Collected data entries:
-------
(* Define integers $a(n)$ by $\sum_{n\ge0}a(n)q^n=\frac{f_1f_6}{f_2^2f_3}$. Then for all $n\ge 0$, $a(2n)\equiv 1\pmod 2$ if $n=0$ or $n$ is a perfect square not divisible by $3$, and $a(2n)\equiv 0\pmod 2$ otherwise.
   Context: For a positive integer $r$, $f_r=\prod_{k\geq1}(1-q^{rk})$, a formal power series in $q$. *)

theory Defs
  imports "HOL-Computational_Algebra.Formal_Power_Series"
begin

text \<open>f_r = prod_{k>=1} (1 - q^(r k)) as a formal power series over the integers.
  The coefficient of q^n of the infinite product is the coefficient of q^n of the
  finite partial product over k = 1..n (factors with k > n only affect degrees > n
  when r >= 1).\<close>
definition eta_f :: "nat \<Rightarrow> int fps" where
  "eta_f r = Abs_fps (\<lambda>n. fps_nth (\<Prod>k\<in>{1..n}. (1 - fps_X ^ (r * k))) n)"

text \<open>The series sum a(n) q^n = f_1 f_6 / (f_2^2 f_3): the unique integer power series A
  with A * (f_2^2 f_3) = f_1 f_6 (f_2^2 f_3 has constant term 1, so it is a unit).\<close>
definition gen_A :: "int fps" where
  "gen_A = (THE A. A * (eta_f 2 ^ 2 * eta_f 3) = eta_f 1 * eta_f 6)"

definition a_coeff :: "nat \<Rightarrow> int" where
  "a_coeff n = fps_nth gen_A n"

end

theory Submission
  imports
    Defs
    "HOL-Library.Z2"
    "HOL-Library.Groups_Big_Fun"
    "HOL-Library.Disjoint_Sets"
    "HOL-Computational_Algebra.Primes"
begin

unbundle fps_syntax

text \<open>Everything is reduced modulo 2, where the signs in the eta products disappear and squaring
  is additive. Write \<open>P\<^sub>r\<close> for \<open>f\<^sub>r\<close> modulo 2 and \<open>A\<close> for the generating function modulo 2; then
  \<open>P\<^sub>2\<^sub>r = P\<^sub>r\<^sup>2\<close> and \<open>A P\<^sub>1\<^sup>3 = P\<^sub>3\<close>. Jacobi's triple product identity, proved through its finite
  form with Gaussian binomial coefficients, gives Euler's pentagonal theorem for \<open>P\<^sub>d\<close> and Jacobi's
  identity \<open>P\<^sub>d\<^sup>3 = \<psi>(q\<^sup>d)\<close>. Together with \<open>\<psi>(q) \<psi>(q\<^sup>3) = \<psi>(q\<^sup>4) + q \<psi>(q\<^sup>1\<^sup>2)\<close>, obtained by splitting
  the pairs of summation indices into residue classes modulo 4 and cancelling orbits of involutions,
  this yields \<open>A\<^sup>3 = 1 + q (A P\<^sub>3\<^sup>2)\<^sup>4\<close>. Hence the even part \<open>Y\<close> of \<open>A\<close> is \<open>1/A\<close> and satisfies
  \<open>Y + Y\<^sup>4 = q P\<^sub>3\<^sup>8 = q P\<^sub>2\<^sub>4\<close>. By the pentagonal theorem \<open>q P\<^sub>2\<^sub>4 = \<Sum>\<^sub>k q\<^sup>(\<^sup>6\<^sup>k\<^sup>+\<^sup>1\<^sup>)\<^sup>2\<close>, and the
  indicator series of \<open>0\<close> and the squares prime to 3 solves the same equation; as a solution of
  \<open>Y + Y\<^sup>4 = H\<close> is determined by its constant term, the two series coincide.\<close>

section \<open>Power series over the two-element field\<close>

lemma bit_add_self [simp]: "(x::bit) + x = 0"
  by (cases x) simp_all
-------
▶ _Your task_:
Up to and including the line with "identity \<open>P\<^sub>d\<^sup>3 = \<psi>(q\<^sup>d)\<close>.", print every line of the records from the start.

▶ _Result for this exercise_:
(* Define integers $a(n)$ by $\sum_{n\ge0}a(n)q^n=\frac{f_1f_6}{f_2^2f_3}$. Then for all $n\ge 0$, $a(2n)\equiv 1\pmod 2$ if $n=0$ or $n$ is a perfect square not divisible by $3$, and $a(2n)\equiv 0\pmod 2$ otherwise.
   Context: For a positive integer $r$, $f_r=\prod_{k\geq1}(1-q^{rk})$, a formal power series in $q$. *)

theory Defs
  imports "HOL-Computational_Algebra.Formal_Power_Series"
begin

text \<open>f_r = prod_{k>=1} (1 - q^(r k)) as a formal power series over the integers.
  The coefficient of q^n of the infinite product is the coefficient of q^n of the
  finite partial product over k = 1..n (factors with k > n only affect degrees > n
  when r >= 1).\<close>
definition eta_f :: "nat \<Rightarrow> int fps" where
  "eta_f r = Abs_fps (\<lambda>n. fps_nth (\<Prod>k\<in>{1..n}. (1 - fps_X ^ (r * k))) n)"

text \<open>The series sum a(n) q^n = f_1 f_6 / (f_2^2 f_3): the unique integer power series A
  with A * (f_2^2 f_3) = f_1 f_6 (f_2^2 f_3 has constant term 1, so it is a unit).\<close>
definition gen_A :: "int fps" where
  "gen_A = (THE A. A * (eta_f 2 ^ 2 * eta_f 3) = eta_f 1 * eta_f 6)"

definition a_coeff :: "nat \<Rightarrow> int" where
  "a_coeff n = fps_nth gen_A n"

end

theory Submission
  imports
    Defs
    "HOL-Library.Z2"
    "HOL-Library.Groups_Big_Fun"
    "HOL-Library.Disjoint_Sets"
    "HOL-Computational_Algebra.Primes"
begin

unbundle fps_syntax

text \<open>Everything is reduced modulo 2, where the signs in the eta products disappear and squaring
  is additive. Write \<open>P\<^sub>r\<close> for \<open>f\<^sub>r\<close> modulo 2 and \<open>A\<close> for the generating function modulo 2; then
  \<open>P\<^sub>2\<^sub>r = P\<^sub>r\<^sup>2\<close> and \<open>A P\<^sub>1\<^sup>3 = P\<^sub>3\<close>. Jacobi's triple product identity, proved through its finite
  form with Gaussian binomial coefficients, gives Euler's pentagonal theorem for \<open>P\<^sub>d\<close> and Jacobi's
  identity \<open>P\<^sub>d\<^sup>3 = \<psi>(q\<^sup>d)\<close>. Together with \<open>\<psi>(q) \<psi>(q\<^sup>3) = \<psi>(q\<^sup>4) + q \<psi>(q\<^sup>1\<^sup>2)\<close>, obtained by splitting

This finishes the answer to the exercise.